402 TRIBUNAL CANTONAL AI 299/16 - 73/2017 ZD16.049954 COUR D E S ASSURANCES SOCIALES _____________________________________________ Arrêt du 8 mars 2017 __________________ Composition : M. MÉTRAL , président Mme Férolles et M. Pittet, juges assesseurs Greffière : Mme Rochat * * * * * Cause pendante entre : C.________, à Lausanne, recourant, et U.________, à Vevey, intimé. _______________ Art. 16 LPGA
- 2 - E n fait : A. Titulaire d'un CFC de magasinier depuis 1999, C.________ (ciaprès: l'assuré ou le recourant), né en (…), a travaillé en qualité de logisticien puis de chef d'équipe chez [...] jusqu'au 31 mars 2011, date de son licenciement. Le 26 novembre 2013, il a déposé une demande de prestations auprès de l'Office de l'assurance-invalidité pour le canton de Vaud (ciaprès: l'OAI), mentionnant au titre des atteintes à la santé des problèmes aux genoux, aux articulations et aux cervicales.
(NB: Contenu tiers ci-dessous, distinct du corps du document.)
(* Under the hypotheses of Theorem 5.2 ($\phi\in\Phi$; $\nu,\lambda>0$; $f$ proper lsc and Lipschitz relative to the closed set $\Omega\subseteq\mathbb{R}^{n_1\times n_2}\times\mathbb{R}^{n_1\times n_2}$ with constant $L_f$; $(X^\varrho,Y^\varrho)\in\Omega$ for all $(X,Y)\in\Omega,\varrho>0$; $\min_{(X,Y)\in\Omega}\{\nu f(X,Y)+\mathrm{rank}(X)+\lambda\|Y\|_0\}$ has a nonempty global solution set), for every $\varrho>\frac{\phi'_-(1)(1-t^* )\nu L_f}{\min(1,\lambda)(1-t_0)}$ that problem has the same global optimal solution set as $$\textstyle\min_{(X,Y)\in\Omega}\Big\{\nu f(X,Y)+\varrho\|X\|_*-\sum_{i=1}^{n_1}\psi^*(\varrho\sigma_i(X))+\varrho\lambda\|Y\|_1-\lambda\sum_{i=1}^{n_1}\sum_{j=1}^{n_2}\psi^*(\varrho|Y_{ij}|)\Big\}.$$
   Context: $\Phi$ is the family of proper lsc functions $\phi:\mathbb{R}\to(-\infty,+\infty]$ with $\mathrm{int}(\mathrm{dom}\,\phi)\supseteq[0,1]$, convex on $[0,1]$, such that $\min_{t\in[0,1]}\phi(t)=0$ is attained at a (fixed) point $t^*\in[0,1)$, and $\phi(1)=1$; $\phi'_-(1)$ the left derivative at $1$. $\psi(t)=\phi(t)$ on $[0,1]$, $+\infty$ otherwise; $\psi^*$ its convex conjugate; $t_0\in[0,1)$ a point with $\frac{1}{1-t^*}\in\partial\psi(t_0)$. $X^\varrho:=U[\mathrm{Diag}(x^\varrho)\ 0]V^T$ for an SVD $X=U[\mathrm{Diag}(\sigma(X))\ 0]V^T$, $x^\varrho_i=\sigma_i(X)$ if $\varrho\sigma_i(X)>\phi'_-(1)$ else $0$; $Y^\varrho_{ij}=Y_{ij}$ if $\varrho|Y_{ij}|>\phi'_-(1)$ else $0$. Norms: nuclear $\|\cdot\|_*$, entrywise $\|\cdot\|_1$, $\|\cdot\|_0$ counts nonzeros. Lipschitz w.r.t. Frobenius norm. *)

theory Defs
  imports "HOL-Analysis.Analysis" "HOL-Library.Multiset"
begin

definition lsc_fun :: "('a::topological_space \<Rightarrow> ereal) \<Rightarrow> bool" where
  "lsc_fun g \<longleftrightarrow> (\<forall>x. g x \<le> Liminf (at x) g)"

definition proper_fun :: "('a \<Rightarrow> ereal) \<Rightarrow> bool" where
  "proper_fun g \<longleftrightarrow> (\<forall>x. g x \<noteq> -\<infinity>) \<and> (\<exists>x. g x \<noteq> \<infinity>)"

definition in_Phi :: "(real \<Rightarrow> ereal) \<Rightarrow> real \<Rightarrow> bool" where
  "in_Phi phi tstar \<longleftrightarrow>
     proper_fun phi \<and> lsc_fun phi \<and>
     {0..1} \<subseteq> interior {x. phi x \<noteq> \<infinity>} \<and>
     convex_on {0..1} (\<lambda>t. real_of_ereal (phi t)) \<and>
     0 \<le> tstar \<and> tstar < 1 \<and> phi tstar = 0 \<and> (\<forall>t\<in>{0..1}. phi tstar \<le> phi t) \<and>
     phi 1 = 1"

definition psi :: "(real \<Rightarrow> ereal) \<Rightarrow> real \<Rightarrow> ereal" where
  "psi phi t = (if t \<in> {0..1} then phi t else \<infinity>)"

definition psi_conj :: "(real \<Rightarrow> ereal) \<Rightarrow> real \<Rightarrow> ereal" where
  "psi_conj phi s = (SUP t. ereal (s * t) - psi phi t)"
(* Let $\alpha\in(0,1)$ and suppose $|\mathrm{CVaR}_\alpha(F^{(i)})|<\infty$ for all $i\in\mathbb K$. Then, with respect to the norm $\|F\|=\max\{\|F\|_\infty,|\int_{-\infty}^0x\,dF(x)|\}$, $\mathrm{CVaR}_\alpha$ is a stable EDPM; that is, (1) $\mathrm{CVaR}_\alpha$ is continuous at every $F\in\mathcal D^\Delta$ with respect to $\|\cdot\|$, and (2) $\lim_{t\to\infty}\|\hat F^{(i)}_t-F^{(i)}\|=0$ almost surely for every $i\in\mathbb K$.
   Context: Let $K\ge1$, $\mathbb K=\{1,\dots,K\}$; arm $i$ produces i.i.d. rewards $X^{(i)}_1,X^{(i)}_2,\dots$ with distribution function $F^{(i)}$, and $\hat F^{(i)}_t(y)=\frac1t\sum_{s\le t}\mathbf 1\{X^{(i)}_s\le y\}$. $\Delta_{K-1}$ is the probability simplex in $\mathbb R^K$, $\mathcal D^\Delta=\{\sum_ip_iF^{(i)}:p\in\Delta_{K-1}\}$. $\|F\|_\infty=\sup_x|F(x)|$; the norm above is considered on the space of bounded functions on $\mathbb R$ for which it is finite (integrals in the Lebesgue–Stieltjes sense). For such $F$, $\mathrm{VaR}_\alpha(F)=\inf\{y\in\mathbb R:F(y)\ge\alpha\}$ and $\mathrm{CVaR}_\alpha(F)=\mathrm{VaR}_\alpha(F)-\frac1\alpha\int_{-\infty}^{\mathrm{VaR}_\alpha(F)}F(y)\,dy$. *)

theory Defs
  imports "HOL-Probability.Probability"
begin

definition distribution_function :: "(real \<Rightarrow> real) \<Rightarrow> bool" where
  "distribution_function F \<longleftrightarrow> mono F \<and> (\<forall>x. continuous (at_right x) F)
     \<and> (F \<longlongrightarrow> 0) at_bot \<and> (F \<longlongrightarrow> 1) at_top"

definition VaR :: "real \<Rightarrow> (real \<Rightarrow> real) \<Rightarrow> real" where
  "VaR \<alpha> F = Inf {y. F y \<ge> \<alpha>}"

text \<open>Conditional value at risk, with values in the extended reals
  (the Lebesgue integral of the nonnegative function F over (-inf, VaR] may be infinite).\<close>
definition CVaR :: "real \<Rightarrow> (real \<Rightarrow> real) \<Rightarrow> ereal" where
  "CVaR \<alpha> F = ereal (VaR \<alpha> F)
     - ereal (1 / \<alpha>) * enn2ereal (\<integral>\<^sup>+ y. indicator {..VaR \<alpha> F} y * ennreal (F y) \<partial>lborel)"

definition LS_neg_finite :: "(real \<Rightarrow> real) \<Rightarrow> bool" where
  "LS_neg_finite F \<longleftrightarrow> set_integrable (interval_measure F) {..0} (\<lambda>x. x)"

definition LS_neg_int :: "(real \<Rightarrow> real) \<Rightarrow> real" where
  "LS_neg_int F = (LINT x:{..0}|interval_measure F. x)"

text \<open>The norm ||G - F|| = max { ||G - F||_inf , |int_{-inf}^0 x d(G - F)(x)| } for
  distribution functions G, F (with finite integrals), using linearity of the
  Lebesgue--Stieltjes integral.\<close>
definition sup_norm :: "(real \<Rightarrow> real) \<Rightarrow> real" where
  "sup_norm H = (SUP x. \<bar>H x\<bar>)"

definition cvar_norm_dist :: "(real \<Rightarrow> real) \<Rightarrow> (real \<Rightarrow> real) \<Rightarrow> real" where
  "cvar_norm_dist G F = max (sup_norm (\<lambda>x. G x - F x)) \<bar>LS_neg_int G - LS_neg_int F\<bar>"

definition mixtures :: "nat \<Rightarrow> (nat \<Rightarrow> real \<Rightarrow> real) \<Rightarrow> (real \<Rightarrow> real) set" where
  "mixtures K F = {(\<lambda>x. \<Sum>i\<in>{1..K}. p i * F i x) | p.
      (\<forall>i\<in>{1..K}. p i \<ge> 0) \<and> (\<Sum>i\<in>{1..K}. p i) = 1}"

definition empirical_cdf :: "(nat \<Rightarrow> real) \<Rightarrow> nat \<Rightarrow> real \<Rightarrow> real" where
  "empirical_cdf Xs t y = (1 / real t) * (\<Sum>s\<in>{1..t}. if Xs s \<le> y then 1 else 0)"

end

theory Submission
  imports Defs
begin

(* Writing J_G(c) for the integral of G over (-inf, c], one has
   CVaR_a(G) = VaR_a(G) - J_G(VaR_a(G)) / a = max_c (c - J_G(c) / a)  (Rockafellar--Uryasev).
   Comparing the two maximisers gives |CVaR_a(G) - CVaR_a(H)| <= max_c |J_G(c) - J_H(c)| / a
   over c in {VaR_a(G), VaR_a(H)}, and |J_G(c) - J_H(c)| <= |J_G(0) - J_H(0)| + |c| ||G - H||_inf.
   By Tonelli, -J_G(0) is the integral of x over (-inf, 0] against dG, so both terms are controlled
   by the norm, and VaR_a(G) stays bounded for G close to G0 in sup norm: this is continuity.
   For stability, the Glivenko--Cantelli theorem gives the sup-norm part and the strong law of large
   numbers, applied to the negative parts of the samples, gives the integral part.  Both rest on
   Etemadi's strong law for pairwise independent, identically distributed, nonnegative variables:
   truncate the i-th variable at level i + 1, control the truncated sums along the geometric
   subsequences floor(b^n) by Chebyshev's inequality and Borel--Cantelli, and interpolate between
   consecutive terms using the monotonicity of the partial sums. *)

section \<open>Distribution functions and the integrated distribution function\<close>

lemma distribution_function_mono: "distribution_function G \<Longrightarrow> x \<le> y \<Longrightarrow> G x \<le> G y"
  unfolding distribution_function_def mono_def by blast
Dans un rapport médical [...], spécialiste en médecine interne, a posé les diagnostics de gonarthrose tri-compartimentale droite et de rachialgies cervico-dorso-lombaires sur spondylarthrose et troubles de la statique avec probable ancienne fracture-tassement de C5. La reprise d'une activité professionnelle dès le 1er avril 2014 était envisageable dans une activité à 50% sans port de charges et avec un poste alternant les positions de travail. Sur mandat de l'OAI, une expertise de chirurgie orthopédique a été effectuée par le Dr [...], spécialiste en chirurgie orthopédique et traumatologie de l'appareil locomoteur. Dans son rapport du 6 juin 2014, il a posé le diagnostic de gonarthrose bilatérale modeste et débutante et mis en évidence des cervicalgies et des douleurs rachidiennes thoraciques. La capacité de travail dans l'activité habituelle était nulle, par contre l'assuré disposait d'une pleine capacité de travail dans une activité respectant les limitations fonctionnelles en lien avec les pathologies du genou et du rachis (soulever, porter, pousser, tirer de façon répétitive ou fréquente des charges de plus de 5 à 15 kg, effectuer des mouvements répétitifs ou fréquents de flexion, extension ou de torsion de la colonne lombaire, monter fréquemment plusieurs escaliers, marcher en terrain accidenté ou glissant).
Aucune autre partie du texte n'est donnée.